## [Assignment]
The line containing "section \<open>Lipschitz continuity" marks the end: quote every line from the start of the records below through it, word for word.

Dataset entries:

__________

definition ibr_simplex :: "(real^'n::finite) set" where
  "ibr_simplex = {x. (\<forall>i. 0 \<le> x$i) \<and> (\<Sum>i\<in>UNIV. x$i) = 1}"

definition ibr_int_simplex :: "(real^'n::finite) set" where
  "ibr_int_simplex = {x. (\<forall>i. 0 < x$i) \<and> (\<Sum>i\<in>UNIV. x$i) = 1}"

text \<open>The IBR vector field for payoff matrix P (P i j = payoff of i against j).\<close>
definition ibr :: "('n::finite \<Rightarrow> 'n \<Rightarrow> real) \<Rightarrow> real^'n \<Rightarrow> real^'n" where
  "ibr P x = (\<chi> i. x$i * (\<Sum>j\<in>UNIV. \<Sum>k\<in>UNIV. \<Sum>m\<in>UNIV.
      x$j * x$k * x$m *
      ((if P j k < P i m then 1 else 0) - (if P j k > P i m then 1 else 0))))"

definition rps :: "real \<Rightarrow> real \<Rightarrow> 3 \<Rightarrow> 3 \<Rightarrow> real" where
  "rps a b i j = (if i = j then 0
     else if (i, j) \<in> {(1,2), (2,3), (3,1)} then -a else b)"

definition center3 :: "real^3" where
  "center3 = (\<chi> i. 1/3)"

end

theory Submission
  imports Defs
begin

text \<open>The simplex sum and the product xyz are first integrals of the RPS dynamics, so an
  interior orbit off the centre stays on a level curve xyz = c with 0 < c < 1/27. In the
  coordinates u = 3x - 1, v = 3(y - z) centred at the rest point the orbit winds around the
  origin with angular speed bounded below, so it meets the ray v = 0, u > 0 again and again.
  That ray meets the level curve in a single point, hence the orbit returns to a state it has
  visited; since the IBR field is polynomial and thus Lipschitz on the simplex, uniqueness of
  solutions (via Gronwall) turns this return into periodicity.\<close>

section \<open>Lipschitz continuity of the IBR field\<close>

lemma lipschitz_on_real_boundedE:
  fixes f :: "'a::metric_space \<Rightarrow> real"
  assumes U: "bounded U" and f: "C-lipschitz_on U f"
  obtains A where "0 \<le> A" "\<And>x. x \<in> U \<Longrightarrow> \<bar>f x\<bar> \<le> A"
proof (cases "U = {}")
  case False
  then obtain x0 where x0: "x0 \<in> U" by blast
  from U obtain r where r: "\<And>x. x \<in> U \<Longrightarrow> dist x0 x \<le> r"
    unfolding bounded_any_center[of _ x0] by blast
  show ?thesis
  proof
    fix x assume x: "x \<in> U"
    have "\<bar>f x\<bar> \<le> \<bar>f x0\<bar> + dist (f x0) (f x)" by (simp add: dist_real_def)
    also have "\<dots> \<le> \<bar>f x0\<bar> + C * r"
      using lipschitz_onD[OF f x0 x] r[OF x] lipschitz_on_nonneg[OF f]
      by (smt (verit, best) mult_left_mono)
    finally show "\<bar>f x\<bar> \<le> \<bar>f x0\<bar> + C * r" .
  next
    show "0 \<le> \<bar>f x0\<bar> + C * r"
      using r[OF x0] lipschitz_on_nonneg[OF f] by simp
  qed
qed (use that in auto)

lemma lipschitz_on_mult_bounded:
  fixes f g :: "'a::metric_space \<Rightarrow> real"
  assumes U: "bounded U" and f: "C-lipschitz_on U f" and g: "D-lipschitz_on U g"
  shows "\<exists>E. E-lipschitz_on U (\<lambda>x. f x * g x)"
proof -
  obtain A where A: "0 \<le> A" "\<And>x. x \<in> U \<Longrightarrow> \<bar>f x\<bar> \<le> A"
    using lipschitz_on_real_boundedE[OF U f] by blast
  obtain B where B: "0 \<le> B" "\<And>x. x \<in> U \<Longrightarrow> \<bar>g x\<bar> \<le> B"
    using lipschitz_on_real_boundedE[OF U g] by blast
  have CD: "0 \<le> C" "0 \<le> D" using f g by (simp_all add: lipschitz_on_nonneg)
  show ?thesis
  proof (intro exI lipschitz_onI)
    fix x y assume xy: "x \<in> U" "y \<in> U"
    have "f x * g x - f y * g y = f x * (g x - g y) + g y * (f x - f y)"
      by (simp add: algebra_simps)
    then have "dist (f x * g x) (f y * g y) \<le> \<bar>f x\<bar> * dist (g x) (g y) + \<bar>g y\<bar> * dist (f x) (f y)"
      by (metis abs_mult abs_triangle_ineq dist_real_def)
    also have "\<dots> \<le> A * (D * dist x y) + B * (C * dist x y)"
      using A B xy lipschitz_onD[OF f xy] lipschitz_onD[OF g xy]
      by (intro add_mono mult_mono) auto
    finally show "dist (f x * g x) (f y * g y) \<le> (A * D + B * C) * dist x y"
      by (simp add: algebra_simps)
  qed (use A B CD in simp)
qed

lemma lipschitz_on_sum_exists:
  fixes f :: "'i \<Rightarrow> 'a::metric_space \<Rightarrow> 'b::real_normed_vector"
  assumes "finite I" "\<And>i. i \<in> I \<Longrightarrow> \<exists>C. C-lipschitz_on U (f i)"
  shows "\<exists>C. C-lipschitz_on U (\<lambda>x. \<Sum>i\<in>I. f i x)"
  using assms
proof (induction I rule: finite_induct)
  case empty
  show ?case using lipschitz_on_constant by auto
next
  case (insert i I)
  then obtain C D where "C-lipschitz_on U (f i)" "D-lipschitz_on U (\<lambda>x. \<Sum>i\<in>I. f i x)"
    by blast
  then show ?case using insert.hyps by (auto intro: lipschitz_on_add)
qed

__________

## [Exercise answer]
definition ibr_simplex :: "(real^'n::finite) set" where
  "ibr_simplex = {x. (\<forall>i. 0 \<le> x$i) \<and> (\<Sum>i\<in>UNIV. x$i) = 1}"

definition ibr_int_simplex :: "(real^'n::finite) set" where
  "ibr_int_simplex = {x. (\<forall>i. 0 < x$i) \<and> (\<Sum>i\<in>UNIV. x$i) = 1}"

text \<open>The IBR vector field for payoff matrix P (P i j = payoff of i against j).\<close>
definition ibr :: "('n::finite \<Rightarrow> 'n \<Rightarrow> real) \<Rightarrow> real^'n \<Rightarrow> real^'n" where
  "ibr P x = (\<chi> i. x$i * (\<Sum>j\<in>UNIV. \<Sum>k\<in>UNIV. \<Sum>m\<in>UNIV.
      x$j * x$k * x$m *
      ((if P j k < P i m then 1 else 0) - (if P j k > P i m then 1 else 0))))"

definition rps :: "real \<Rightarrow> real \<Rightarrow> 3 \<Rightarrow> 3 \<Rightarrow> real" where
  "rps a b i j = (if i = j then 0
     else if (i, j) \<in> {(1,2), (2,3), (3,1)} then -a else b)"

definition center3 :: "real^3" where
  "center3 = (\<chi> i. 1/3)"

end

theory Submission
  imports Defs
begin

text \<open>The simplex sum and the product xyz are first integrals of the RPS dynamics, so an
  interior orbit off the centre stays on a level curve xyz = c with 0 < c < 1/27. In the
  coordinates u = 3x - 1, v = 3(y - z) centred at the rest point the orbit winds around the
  origin with angular speed bounded below, so it meets the ray v = 0, u > 0 again and again.
  That ray meets the level curve in a single point, hence the orbit returns to a state it has
  visited; since the IBR field is polynomial and thus Lipschitz on the simplex, uniqueness of
  solutions (via Gronwall) turns this return into periodicity.\<close>

section \<open>Lipschitz continuity of the IBR field\<close>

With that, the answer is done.